This is a guest post by Tom Kemp. Tom is a member of SOAS Detainee Support and a PhD Student at Kent Law School. He is currently writing about anti-detention activism and political thinking in the everyday work of anti-border social movements.
Most of Schedule 10 of the Immigration Act 2016 were brought into force this month. Here’s 8 reason to hate them.*
1) The word Bail has lost its meaning
Bail used to be the process people can apply to get out of prison or detention. No longer. Anybody ‘liable to be detained’ can now be subjected to immigration bail and the punitive conditions bail enables residence requirements, reporting requirements, electronic tagging. Bail is now the word for the raft of community-based control measures now going to be imposed on all people without status. It is an expansion of state power to control their lives and further signals the government’s intent to treat people without documents as criminals.
2) People who can’t be detained can now be subject to bail conditions
In addition, people who previously could not be detained, can now also be put on immigration bail – including if ‘the Secretary of State is considering whether to make a deportation order against the person’.
3) There is a wide power of arrest for arrest for people on bail
If an immigration officer has reasonable grounds for ‘believing that the person is likely to fail to comply with a bail condition’, that person can be arrested. The procedures explicitly say that being on bail is no protection from being detained.

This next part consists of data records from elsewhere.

lemma phi_fixed_point_exists:
  obtains D where "posdiag D" "phi D = D"
proof -
  note pos = posdiag_if_mem_cbox[OF posdiag_phi_lower]
  obtain D where D: "D \<in> cbox phi_lower interf_upper" "phi D = D"
  proof (rule fixed_point_if_ratio_nonexpansive[OF posdiag_phi_lower phi_lower_le_upper])
    show "phi D \<in> cbox phi_lower interf_upper" if "D \<in> cbox phi_lower interf_upper" for D
      by (rule phi_mem_cbox[OF pos[OF that]])
    show "phi D \<le> \<alpha> *\<^sub>R phi D'"
      if "D \<in> cbox phi_lower interf_upper" "D' \<in> cbox phi_lower interf_upper" "1 \<le> \<alpha>"
        "ratio_within \<alpha> D D'" for D D' \<alpha>
      by (rule phi_le_scaleR(1)[OF pos[OF that(1)] pos[OF that(2)] that(3,4)])
  qed
  then show ?thesis
    using posdiag_if_mem_cbox[OF posdiag_phi_lower D(1)] that by simp
qed

lemma phi_fixed_point_unique:
  assumes "posdiag D" "phi D = D" "posdiag D'" "phi D' = D'"
  shows "D = D'"
proof (rule fixed_point_unique_if_ratio_contracting[where F = phi])
  fix x y :: "real^'n" and \<alpha> :: real and i
  assume "posdiag x" "posdiag y" "1 < \<alpha>" "ratio_within \<alpha> x y"
  then show "phi x $ i < \<alpha> * phi y $ i"
    using phi_le_scaleR(2)[of x y \<alpha>] by simp
qed (simp_all add: assms)

lemma ex1_phi_fixed_point: "\<exists>!D. posdiag D \<and> D = phi D"
proof -
  obtain D where "posdiag D" "phi D = D"
    by (rule phi_fixed_point_exists)
  then show ?thesis
    using phi_fixed_point_unique by auto
qed

end

section \<open>The weight function \<open>u\<^sup>\<tau>\<close> and the normalised data\<close>

lemma le_scaled_if_mono_antimono:
  fixes u :: "real \<Rightarrow> real"
  assumes u_pos: "\<forall>t>0. u t > 0"
    and mono: "mono_on {0<..} (\<lambda>t. t * u t)" and antimono: "antimono_on {0<..} (\<lambda>t. u t / t)"
    and "s > 0" "t > 0" "s \<le> \<alpha> * t" "t \<le> \<alpha> * s"
  shows "u s \<le> \<alpha> * u t"
proof (cases "s \<le> t")
  case True
  have "s * u s \<le> t * u t"
    using mono_onD[OF mono _ _ True] \<open>s > 0\<close> \<open>t > 0\<close> by simp
  then have "u s \<le> t / s * u t"
    using \<open>s > 0\<close> by (simp add: field_simps)
  also have "\<dots> \<le> \<alpha> * u t"
    using \<open>s > 0\<close> \<open>t \<le> \<alpha> * s\<close> u_pos \<open>t > 0\<close>
    by (intro mult_right_mono) (simp_all add: divide_le_eq mult.commute less_imp_le)
  finally show ?thesis .
next
  case False
  have "u s / s \<le> u t / t"
    using monotone_onD[OF antimono, of t s] \<open>s > 0\<close> \<open>t > 0\<close> False by simp
  then have "u s \<le> s / t * u t"
    using \<open>s > 0\<close> \<open>t > 0\<close> by (simp add: field_simps)
  also have "\<dots> \<le> \<alpha> * u t"
    using \<open>t > 0\<close> \<open>s \<le> \<alpha> * t\<close> u_pos
    by (intro mult_right_mono) (simp_all add: divide_le_eq less_imp_le)
  finally show ?thesis .
qed

lemma posdiag_utau: "\<forall>t>0. u t > 0 \<Longrightarrow> posdiag D \<Longrightarrow> posdiag (utau u \<tau> D)"
  by (simp add: posdiag_def utau_def)

lemma utau_le:
  assumes "\<forall>t>0. u t > 0" "\<forall>t>0. u t \<le> u_inf" "posdiag D"
  shows "utau u \<tau> D $ i \<le> (\<Sum>j\<in>UNIV. max (\<tau> j) 1) * u_inf"
proof -
  have "0 < max (\<tau> i) 1 * D $ i"
    using assms(3) by (simp add: posdiag_def)
  then show ?thesis
    unfolding utau_def vec_lambda_beta using assms(1,2)
    by (intro mult_mono member_le_sum) (simp_all add: sum_nonneg less_imp_le)
qed

lemma utau_le_scaleR:
  assumes u_pos: "\<forall>t>0. u t > 0"
    and mono: "mono_on {0<..} (\<lambda>t. t * u t)" and antimono: "antimono_on {0<..} (\<lambda>t. u t / t)"
    and D: "posdiag D" "posdiag D'" and ratio: "ratio_within \<alpha> D D'"
  shows "utau u \<tau> D \<le> \<alpha> *\<^sub>R utau u \<tau> D'"
  unfolding less_eq_vec_def
proof
  fix i
  define t where "t = max (\<tau> i) 1"
  have "t \<ge> 1"
    by (simp add: t_def)
  have "D $ i \<le> \<alpha> * D' $ i" "D' $ i \<le> \<alpha> * D $ i"
    using ratio by (simp_all add: ratio_within_def less_eq_vec_def)
  then have "t * D $ i \<le> \<alpha> * (t * D' $ i)" "t * D' $ i \<le> \<alpha> * (t * D $ i)"
    using \<open>t \<ge> 1\<close> mult_left_mono[of _ _ t] by (simp_all add: mult.left_commute)
  then have "u (t * D $ i) \<le> \<alpha> * u (t * D' $ i)"
    using D \<open>t \<ge> 1\<close> by (intro le_scaled_if_mono_antimono[OF u_pos mono antimono])
      (simp_all add: posdiag_def)
  then have "t * u (t * D $ i) \<le> t * (\<alpha> * u (t * D' $ i))"
    using \<open>t \<ge> 1\<close> by (intro mult_left_mono) simp_all
  then show "utau u \<tau> D $ i \<le> (\<alpha> *\<^sub>R utau u \<tau> D') $ i"
    by (simp add: utau_def t_def[symmetric] mult.left_commute)
qed

definition outer_cross :: "real^'p \<Rightarrow> real^'p \<Rightarrow> real^'p^'p" where
  "outer_cross m v = (\<chi> a b. v $ a * m $ b + m $ a * v $ b)"

lemma outer_affine:
  "outer (k *\<^sub>R (s *\<^sub>R v + m)) = (k * k * s * s) *\<^sub>R outer v + (k * k * s) *\<^sub>R outer_cross m v
     + (k * k) *\<^sub>R outer m"
  by (simp add: outer_def outer_cross_def vec_eq_iff algebra_simps)

lemma integrable_outer_affine:
  assumes "finite_measure M" "integrable M f" "integrable M (\<lambda>x. outer (f x))"
  shows "integrable M (\<lambda>x. outer (k *\<^sub>R (s *\<^sub>R f x + m)))"
proof -
  interpret finite_measure M
    by fact
  have "bounded_linear (outer_cross m)"
    by (rule linear_conv_bounded_linear[THEN iffD1], rule linearI)
      (simp_all add: outer_cross_def vec_eq_iff algebra_simps)
  then have "integrable M (\<lambda>x. outer_cross m (f x))"
    using assms(2) by (rule integrable_bounded_linear)
  then show ?thesis
    unfolding outer_affine using assms(3) by simp
qed

lemma integral_inner_affine:
  assumes "prob_space M" "integrable M f" "integral\<^sup>L M f = 0" "integrable M (\<lambda>x. f x \<bullet> f x)"
  shows "(\<integral>x. (k *\<^sub>R (s *\<^sub>R f x + m)) \<bullet> (k *\<^sub>R (s *\<^sub>R f x + m)) \<partial>M)
      = (k * k * s * s) * (\<integral>x. f x \<bullet> f x \<partial>M) + (k * k) * (m \<bullet> m)"
proof -
  interpret prob_space M
    by fact
  have "(k *\<^sub>R (s *\<^sub>R v + m)) \<bullet> (k *\<^sub>R (s *\<^sub>R v + m))
      = (k * k * s * s) * (v \<bullet> v) + (2 * k * k * s) * (v \<bullet> m) + (k * k) * (m \<bullet> m)" for v
    by (simp add: inner_add_left inner_add_right inner_commute algebra_simps)
  moreover have "(\<integral>x. f x \<bullet> m \<partial>M) = 0"
    using assms(2,3) by simp
  ultimately show ?thesis
    using assms(2,4) by (simp add: prob_space)
qed

lemma regularized_moments_affine:
  fixes z :: "'n::finite \<Rightarrow> 'w \<Rightarrow> real^'p::finite"
  assumes "prob_space M" "\<gamma> > 0" and z_int: "\<And>i. integrable M (z i)"
    and z_centered: "\<And>i. integral\<^sup>L M (z i) = 0" and z_int2: "\<And>i. integrable M (\<lambda>x. outer (z i x))"
    and z_pos: "\<And>i. (\<integral>x. z i x \<bullet> z i x \<partial>M) > 0" and "\<And>i. k i > 0" "\<And>i. s i > 0"
  shows "regularized_moments M (\<lambda>i x. k i *\<^sub>R (s i *\<^sub>R z i x + m)) \<gamma>"
proof
  fix i
  show "integrable M (\<lambda>x. outer (k i *\<^sub>R (s i *\<^sub>R z i x + m)))"
    using \<open>prob_space M\<close> z_int z_int2 by (intro integrable_outer_affine) (simp_all add: prob_space_def)
  have "(\<integral>x. (k i *\<^sub>R (s i *\<^sub>R z i x + m)) \<bullet> (k i *\<^sub>R (s i *\<^sub>R z i x + m)) \<partial>M)
      = (k i * k i * s i * s i) * (\<integral>x. z i x \<bullet> z i x \<partial>M) + (k i * k i) * (m \<bullet> m)"
    by (rule integral_inner_affine[OF \<open>prob_space M\<close> z_int z_centered
          integrable_quadratic_form[OF z_int2, of _ "mat 1", simplified]])
  also have "\<dots> > 0"
    using assms(7,8) z_pos by (intro add_pos_nonneg mult_pos_pos) simp_all
  finally show "(\<integral>x. (k i *\<^sub>R (s i *\<^sub>R z i x + m)) \<bullet> (k i *\<^sub>R (s i *\<^sub>R z i x + m)) \<partial>M) > 0" .
qed (rule \<open>\<gamma> > 0\<close>)

lemma reweighted_moments_utau:
  assumes "regularized_moments M w \<gamma>" and u_pos: "\<forall>t>0. u t > 0" and u_inf: "\<forall>t>0. u t \<le> u_inf"
    and "mono_on {0<..} (\<lambda>t. t * u t)" "antimono_on {0<..} (\<lambda>t. u t / t)"
  shows "reweighted_moments M w \<gamma> (utau u \<tau>) ((\<Sum>j\<in>UNIV. max (\<tau> j) 1) * u_inf)"
  unfolding reweighted_moments_def reweighted_moments_axioms_def
  using assms by (simp add: posdiag_utau utau_le utau_le_scaleR)

theorem proposition6:
  fixes M :: "'w measure"
    and z :: "'n::finite \<Rightarrow> 'w \<Rightarrow> real^'p::finite"
    and \<tau> :: "'n \<Rightarrow> real"
    and m :: "real^'p"
    and u :: "real \<Rightarrow> real"
    and \<gamma> :: real
  assumes "prob_space M"
    and gamma: "\<gamma> > 0"
    and u_pos: "\<forall>t>0. u t > 0"
    and u_bdd: "\<exists>u_inf. \<forall>t>0. u t \<le> u_inf"
    and u_mono: "mono_on {0<..} (\<lambda>t. t * u t)"
    and u_antimono: "antimono_on {0<..} (\<lambda>t. u t / t)"
    and indep: "prob_space.indep_vars M (\<lambda>_. borel) z UNIV"
    and z_int: "\<And>i. integrable M (z i)"
    and z_centered: "\<And>i. integral\<^sup>L M (z i) = 0"
    and z_int2: "\<And>i. integrable M (\<lambda>w. outer (z i w))"
    and trC: "(INF i. trace (integral\<^sup>L M (\<lambda>w. outer (z i w))) / real CARD('n)) > 0"
    and tau_pos: "\<forall>i. \<tau> i > 0"
  shows "let Cbar = (\<lambda>i. integral\<^sup>L M (\<lambda>w. outer ((1 / sqrt (max (\<tau> i) 1)) *\<^sub>R
                          (sqrt (\<tau> i) *\<^sub>R z i w + m))))
         in \<exists>!D. posdiag D \<and>
              D = (\<chi> i. Lambda \<gamma> Cbar (utau u \<tau> D) $ i /
                        (1 + utau u \<tau> D $ i * Lambda \<gamma> Cbar (utau u \<tau> D) $ i))"
proof -
  define w where "w i x = (1 / sqrt (max (\<tau> i) 1)) *\<^sub>R (sqrt (\<tau> i) *\<^sub>R z i x + m)" for i x
  have z_pos: "(\<integral>x. z i x \<bullet> z i x \<partial>M) > 0" for i
  proof -
    have "(INF i. trace (\<integral>x. outer (z i x) \<partial>M) / CARD('n)) \<le> trace (\<integral>x. outer (z i x) \<partial>M) / CARD('n)"
      by (rule cINF_lower) (simp_all add: bdd_below_finite)
    with trC have "0 < trace (\<integral>x. outer (z i x) \<partial>M) / CARD('n)"
      by linarith
    then show ?thesis
      by (simp add: trace_integral_outer[OF z_int2] zero_less_divide_iff)
  qed
  have "regularized_moments M w \<gamma>"
    unfolding w_def
    by (rule regularized_moments_affine[OF \<open>prob_space M\<close> gamma z_int z_centered z_int2 z_pos])
      (simp_all add: tau_pos)
  then interpret regularized_moments M w \<gamma> .
  obtain u_inf where u_inf: "\<forall>t>0. u t \<le> u_inf"
    using u_bdd by blast
  interpret reweighted_moments M w \<gamma> "utau u \<tau>" "(\<Sum>j\<in>UNIV. max (\<tau> j) 1) * u_inf"
    by (rule reweighted_moments_utau[OF regularized_moments_axioms u_pos u_inf u_mono u_antimono])
  have "S = (\<lambda>i. \<integral>x. outer ((1 / sqrt (max (\<tau> i) 1)) *\<^sub>R (sqrt (\<tau> i) *\<^sub>R z i x + m)) \<partial>M)"
    by (rule ext) (simp add: S_def w_def)
  moreover have "phi D = (\<chi> i. Lambda \<gamma> S (utau u \<tau> D) $ i /
      (1 + utau u \<tau> D $ i * Lambda \<gamma> S (utau u \<tau> D) $ i))" for D
    by (simp add: phi_def weights_def mult.commute)
  ultimately show ?thesis
    using ex1_phi_fixed_point by (simp add: Let_def)
qed

end
(* Let $\mathfrak{g}$ be a nice nilpotent Lie algebra of dimension $n$ with nice diagram $\Delta$, $m$ arrows, and structure constants $c\in\mathbb{R}^m$, let $\sigma$ be a diagram involution, and let $k\in\mathbb{R}$ and $\delta\in(\mathbb{Z}_2)^n$ be $\sigma$-invariant. Then $\mathfrak{g}$ has a $\sigma$-diagonal metric $g=\sum_i g_ie^i\otimes e^{\sigma_i}$ with $\operatorname{logsign} g=\delta$ and Ricci operator $\operatorname{Ric}=\frac12k\,\mathrm{id}$ if and only if there exists a $\sigma$-invariant $X\in\mathbb{R}^m$ such that: (K) $M_\Delta^{T}X=[k]$; (H) all entries of $X$ are nonzero; (L$_\sigma$) $\operatorname{logsign} X+\operatorname{logsign} c+\operatorname{logsign}\tilde c=M_{\Delta,2}\,\delta$; (P$_\sigma$) for a basis $\alpha_1,\dots,\alpha_r$ of the $\sigma$-invariant subspace $(\ker M_\Delta^T)^\sigma$, one has $\lvert X\rvert^{\alpha_i}=\lvert c\rvert^{2\alpha_i}$, $i=1,\dots,r$.
   Context: A nice basis of a real Lie algebra is a basis $\{e_1,\dots,e_n\}$ with dual basis $\{e^i\}$ such that each $[e_i,e_j]$ is a multiple of some $e_h$ and each $e_i\lrcorner\,de^j$ is a multiple of some $e^h$ ($d$ the Chevalley–Eilenberg differential); a nice Lie algebra is a Lie algebra with a fixed nice basis. The nice diagram $\Delta$ has nodes $1,\dots,n$ and an arrow $i\xrightarrow{j}k$ whenever $e_k$ is a nonzero multiple of $[e_i,e_j]$; $\mathcal I_\Delta$ is the set of triples $\{\{i,j\},k\}$ with $i\xrightarrow{j}k$ an arrow, $m=\lvert\mathcal I_\Delta\rvert$. The structure constants $c\in\mathbb{R}^m$ are defined by $de^k=\sum c_{ijk}e^i\wedge e^j$ ($i<j$, over $\mathcal I_\Delta$). The root matrix $M_\Delta$ is the $m\times n$ matrix whose row indexed by $\{\{i,j\},k\}$ has $1$ in column $k$, $-1$ in columns $i,j$, $0$ elsewhere; $M_{\Delta,2}$ is its reduction mod $2$. A diagram involution is a permutation $\sigma$ of $\{1,\dots,n\}$ of order two which is an automorphism of $\Delta$, i.e. $i\xrightarrow{j}k$ is an arrow iff $\sigma_i\xrightarrow{\sigma_j}\sigma_k$ is. It acts on $\mathbb{R}^n$ by permuting coordinates and on $\mathbb{R}^m$ by permuting coordinates via $\{\{i,j\},k\}\mapsto\{\{\sigma_i,\sigma_j\},\sigma_k\}$. The vector $\tilde c\in\mathbb{R}^m$ is the coordinate vector, in the basis $e^l\wedge e^h\otimes e_p$ ($l<h$), of $\sum c_{ijk}\,e^{\sigma_i}\wedge e^{\sigma_j}\otimes e_{\sigma_k}$. A $\sigma$-diagonal metric is a nondegenerate scalar product $\sum_i g_ie^i\otimes e^{\sigma_i}$ with $g=(g_1,\dots,g_n)\in(\mathbb{R}\setminus\{0\})^n$ $\sigma$-invariant. $\operatorname{logsign}x=0$ for $x>0$ and $1$ for $x<0$, applied componentwise; $[k]\in\mathbb{R}^n$ has all entries $k$; $\lvert X\rvert^\alpha=\prod_j\lvert x_j\rvert^{\alpha_j}$; $\operatorname{Ric}$ is the Ricci operator of the left-invariant pseudoriemannian metric. *)

theory Defs
  imports Complex_Main
begin

text \<open>A real Lie algebra of dimension n with basis e_0,...,e_(n-1) is given by its
  bracket coefficients: [e_i,e_j] = sum_h C i j h e_h (indices below n).\<close>

definition lie_algebra :: "nat \<Rightarrow> (nat \<Rightarrow> nat \<Rightarrow> nat \<Rightarrow> real) \<Rightarrow> bool" where
  "lie_algebra n C \<longleftrightarrow>
     (\<forall>i j h. \<not> (i < n \<and> j < n \<and> h < n) \<longrightarrow> C i j h = 0) \<and>
     (\<forall>i j h. C i j h = - C j i h) \<and>
     (\<forall>a<n. \<forall>b<n. \<forall>c<n. \<forall>h<n.
        (\<Sum>p<n. C a b p * C p c h + C b c p * C p a h + C c a p * C p b h) = 0)"

text \<open>Chevalley--Eilenberg differential: de^k(e_i,e_j) = - e^k([e_i,e_j]).\<close>
definition dcoef :: "(nat \<Rightarrow> nat \<Rightarrow> nat \<Rightarrow> real) \<Rightarrow> nat \<Rightarrow> nat \<Rightarrow> nat \<Rightarrow> real" where
  "dcoef C i j k = - C i j k"

text \<open>Nice basis: each [e_i,e_j] is a multiple of a single e_h, and each
  e_i \<lrcorner> de^j = sum_h de^j(e_i,e_h) e^h is a multiple of a single e^h.\<close>
definition nice_lie_algebra :: "nat \<Rightarrow> (nat \<Rightarrow> nat \<Rightarrow> nat \<Rightarrow> real) \<Rightarrow> bool" where
  "nice_lie_algebra n C \<longleftrightarrow> lie_algebra n C \<and>
     (\<forall>i<n. \<forall>j<n. \<forall>h<n. \<forall>h'<n. C i j h \<noteq> 0 \<longrightarrow> C i j h' \<noteq> 0 \<longrightarrow> h = h') \<and>
     (\<forall>i<n. \<forall>j<n. \<forall>h<n. \<forall>h'<n. dcoef C i h j \<noteq> 0 \<longrightarrow> dcoef C i h' j \<noteq> 0 \<longrightarrow> h = h')"
(* Let $f:\mathbb{R}^m\to\mathbb{R}$ be $C^2$, let $\delta_0,\dots,\delta_m$ be distinct reals, $\tau>0$, $0<\gamma_0<1$, and let $\mathcal{B}\subset\mathbb{R}^m$ be a compact set with $\inf_{x\in\mathcal{B}}\|\nabla f(x)\|>0$. Then: (1) there exists $T>0$ such that $\sup_{x\in\mathcal{B}}\mathrm{sp}(A(x))\le T$ and $\inf_{x\in\mathcal{B}}\mathrm{minsp}(A(x))\ge 1/T$; (2) $\inf_{x\in\mathcal{B}}\gamma(x)>0$.
   Context: For a real symmetric matrix $A$, $\mathrm{sp}(A)$ (resp. $\mathrm{minsp}(A)$) is the maximum (resp. minimum) of $|\lambda|$ over eigenvalues $\lambda$ of $A$. For invertible real symmetric $A$, $pr_{A,\pm}$ is the orthogonal projection onto the span of eigenvectors of $A$ with positive/negative eigenvalues. Let $\kappa:=\frac12\min_{i\ne j}|\delta_i-\delta_j|$. For $x$ with $\nabla f(x)\ne0$: $\delta(x):=\delta_j$ where $j$ is the smallest index in $\{0,\dots,m\}$ with $\mathrm{minsp}(\nabla^2f(x)+\delta_j\|\nabla f(x)\|^{\tau}I)\ge\kappa\|\nabla f(x)\|^{\tau}$; $A(x):=\nabla^2 f(x)+\delta(x)\|\nabla f(x)\|^{\tau}I$; $v(x):=A(x)^{-1}\nabla f(x)$; $w(x):=pr_{A(x),+}v(x)-pr_{A(x),-}v(x)$; and $\gamma(x)$ is the largest element $\gamma$ of $\{\gamma_0,\gamma_0/3,\gamma_0/3^2,\dots\}$ such that $f(x-\gamma w(x))-f(x)\le-\gamma\langle w(x),\nabla f(x)\rangle/3$. *)

theory Defs
  imports "HOL-Analysis.Analysis"
begin

definition eigenvalues :: "real^'n^'n \<Rightarrow> real set" where
  "eigenvalues A = {l. \<exists>v. v \<noteq> 0 \<and> A *v v = l *s v}"

definition sp :: "real^'n^'n \<Rightarrow> real" where
  "sp A = Max (abs ` eigenvalues A)"

definition minsp :: "real^'n^'n \<Rightarrow> real" where
  "minsp A = Min (abs ` eigenvalues A)"

definition orth_proj :: "(real^'n) set \<Rightarrow> real^'n \<Rightarrow> real^'n" where
  "orth_proj S v = (THE p. p \<in> S \<and> (\<forall>s\<in>S. (v - p) \<bullet> s = 0))"

definition pr_pos :: "real^'n^'n \<Rightarrow> real^'n \<Rightarrow> real^'n" where
  "pr_pos A = orth_proj (span {v. \<exists>l>0. A *v v = l *s v})"

definition pr_neg :: "real^'n^'n \<Rightarrow> real^'n \<Rightarrow> real^'n" where
  "pr_neg A = orth_proj (span {v. \<exists>l<0. A *v v = l *s v})"

definition kappa :: "nat \<Rightarrow> (nat \<Rightarrow> real) \<Rightarrow> real" where
  "kappa m d = Min {\<bar>d i - d j\<bar> | i j. i \<le> m \<and> j \<le> m \<and> i \<noteq> j} / 2"

(* H = Hessian, g = gradient of f *)
definition delta_idx :: "(real^'n \<Rightarrow> real^'n^'n) \<Rightarrow> (real^'n \<Rightarrow> real^'n) \<Rightarrow> (nat \<Rightarrow> real) \<Rightarrow> real
    \<Rightarrow> real^'n \<Rightarrow> nat" where
  "delta_idx H g d tau x = (LEAST j. j \<le> CARD('n) \<and>
      minsp (H x + mat (d j * norm (g x) powr tau)) \<ge> kappa CARD('n) d * norm (g x) powr tau)"
lemma index_mult3_mat_sum:
  assumes A: "A \<in> carrier_mat m k" and B: "B \<in> carrier_mat k l" and C: "C \<in> carrier_mat l q"
    and ij: "i < m" "j < q"
  shows "(A * B * C) $$ (i,j) = (\<Sum>a<k. \<Sum>b<l. A $$ (i,a) * B $$ (a,b) * C $$ (b,j))"
proof -
  have "(A * B * C) $$ (i,j) = (\<Sum>b<l. (A * B) $$ (i,b) * C $$ (b,j))"
    using assms by (intro index_mult_mat_sum) auto
  also have "\<dots> = (\<Sum>b<l. \<Sum>a<k. A $$ (i,a) * B $$ (a,b) * C $$ (b,j))"
    using assms by (simp add: index_mult_mat_sum[OF A B] sum_distrib_right del: index_mult_mat(1))
  finally show ?thesis by (simp add: sum.swap[of _ "{..<l}"])
qed

lemma mult_carrier_mat_square [simp]:
  "A \<in> carrier_mat N N \<Longrightarrow> B \<in> carrier_mat N N \<Longrightarrow> A * B \<in> carrier_mat N N"
  by (rule mult_carrier_mat)

lemma adj_carrier [simp]: "A \<in> carrier_mat m k \<Longrightarrow> adj A \<in> carrier_mat k m"
  by (simp add: adj_def)

lemma adj_dims [simp]: "dim_row (adj A) = dim_col A" "dim_col (adj A) = dim_row A"
  by (simp_all add: adj_def)

lemma index_adj [simp]: "i < dim_col A \<Longrightarrow> j < dim_row A \<Longrightarrow> adj A $$ (i,j) = cnj (A $$ (j,i))"
  by (simp add: adj_def)

lemma adj_adj [simp]: "adj (adj A) = A"
  by (rule eq_matI) auto

lemma adj_mult:
  assumes A: "A \<in> carrier_mat m k" and B: "B \<in> carrier_mat k l"
  shows "adj (A * B) = adj B * adj A"
proof (rule eq_matI)
  fix i j assume "i < dim_row (adj B * adj A)" "j < dim_col (adj B * adj A)"
  then have "i < l" "j < m" using assms by auto
  then have "adj (A * B) $$ (i, j) = cnj ((A * B) $$ (j, i))"
    using assms by (intro index_adj) auto
  also have "\<dots> = (adj B * adj A) $$ (i, j)"
    using \<open>i < l\<close> \<open>j < m\<close> assms
    by (simp add: index_mult_mat_sum[OF A B] index_mult_mat_sum[OF adj_carrier[OF B] adj_carrier[OF A]]
        mult.commute del: index_mult_mat(1))
  finally show "adj (A * B) $$ (i, j) = (adj B * adj A) $$ (i, j)" .
qed (use assms in auto)

lemma adj_one: "adj (1\<^sub>m N) = 1\<^sub>m N"
  by (rule eq_matI) auto

lemma adj_smult: "adj (c \<cdot>\<^sub>m A) = cnj c \<cdot>\<^sub>m adj A"
  by (rule eq_matI) auto

lemma conj_conj_mat:
  assumes V: "V \<in> carrier_mat N N" and P: "P \<in> carrier_mat N N" and rho: "\<rho> \<in> carrier_mat N N"
  shows "(V * P * adj V) * \<rho> * adj (V * P * adj V) = V * (P * (adj V * \<rho> * V) * adj P) * adj V"
proof -
  have "adj (V * P * adj V) = V * (adj P * adj V)"
    using V P by (simp add: adj_mult[of _ N N _ N] adj_mult[OF V P])
  then show ?thesis
    using V P rho by (simp add: assoc_mult_mat[of _ N N _ N _ N])
qed

lemma phase_conj:
  assumes "P \<in> carrier_mat N N" "\<rho> \<in> carrier_mat N N" "cmod c = 1"
  shows "(c \<cdot>\<^sub>m P) * \<rho> * adj (c \<cdot>\<^sub>m P) = P * \<rho> * adj P"
proof -
  have PR: "P * \<rho> \<in> carrier_mat N N" and P': "adj P \<in> carrier_mat N N" using assms by auto
  have "(c \<cdot>\<^sub>m P) * \<rho> * adj (c \<cdot>\<^sub>m P) = c \<cdot>\<^sub>m (cnj c \<cdot>\<^sub>m (P * \<rho> * adj P))"
    by (simp add: adj_smult mult_smult_assoc_mat[OF assms(1,2)]
        mult_smult_assoc_mat[OF PR smult_carrier_mat[OF P']] mult_smult_distrib[OF PR P'])
  also have "\<dots> = P * \<rho> * adj P"
    using complex_norm_square[of c] assms(3) by (intro eq_matI) (simp_all add: mult.assoc[symmetric])
  finally show ?thesis .
qed

lemma conj_diagonal_entry:
  assumes V: "V \<in> carrier_mat N N" and D: "D \<in> carrier_mat N N"
    and diag: "\<And>a b. a < N \<Longrightarrow> b < N \<Longrightarrow> a \<noteq> b \<Longrightarrow> D $$ (a,b) = 0"
    and r: "r < N" and s: "s < N"
  shows "(V * D * adj V) $$ (r,s) = (\<Sum>a<N. V $$ (r,a) * D $$ (a,a) * cnj (V $$ (s,a)))"
proof -
  have "(\<Sum>b<N. V $$ (r,a) * D $$ (a,b) * cnj (V $$ (s,b))) = V $$ (r,a) * D $$ (a,a) * cnj (V $$ (s,a))"
    if a: "a < N" for a
  proof -
    have "(\<Sum>b<N. V $$ (r,a) * D $$ (a,b) * cnj (V $$ (s,b)))
        = (\<Sum>b<N. if b = a then V $$ (r,a) * D $$ (a,a) * cnj (V $$ (s,a)) else 0)"
      using a diag by (intro sum.cong) auto
    then show ?thesis using a by simp
  qed
  then show ?thesis
    using assms by (simp add: index_mult3_mat_sum[OF V D adj_carrier[OF V]] del: index_mult_mat(1))
qed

4) There are more limitations on when a judge can grant bail from detention
The tribunal is no longer permitted to grant bail for eight days after arrival in the UK or if removal is (supposed to be) within 14 days.
5) The Home Office can ignore the Immigration Tribunal on bail
As well as being able to ignore some tribunal decisions to grant bail to someone detained, the Home Office can, in some instances, modify the conditions granted by the Tribunal without judicial oversight. This is a bizarre constitutional trickery allows the executive basically to ignore the will of the judiciary.
6) Section 4 accommodation is no longer exists
Unless one is an refused asylum seeker and can receive section 95a accommodation, the Home Office will only provide an address, ‘in exceptional circumstances’ – for example, where there are Human Rights concerns. This means there will be people in detention who are eligible for bail who have to remain in detention because they cannot get housing. There have been increasing instances of people in detention being released without an address – it is unclear whether this will increase in the absence of section 4.
7) Automatic bail hearings was meant to be a positive reform
The lack of judicial oversight of decisions to detain is a major criticism of the current detention process. Automatic bail hearings after 4 months were won after significant campaigning by reformers. This is another example of the government subversively responding to calls for reform by expanding its own power.
8) We are likely to see compulsory electronic tagging for people leaving detention in the future
The one positive element of the recent announcement is that they haven’t yet implemented powers to impose electronic monitoring on everyone applying for bail from within detention.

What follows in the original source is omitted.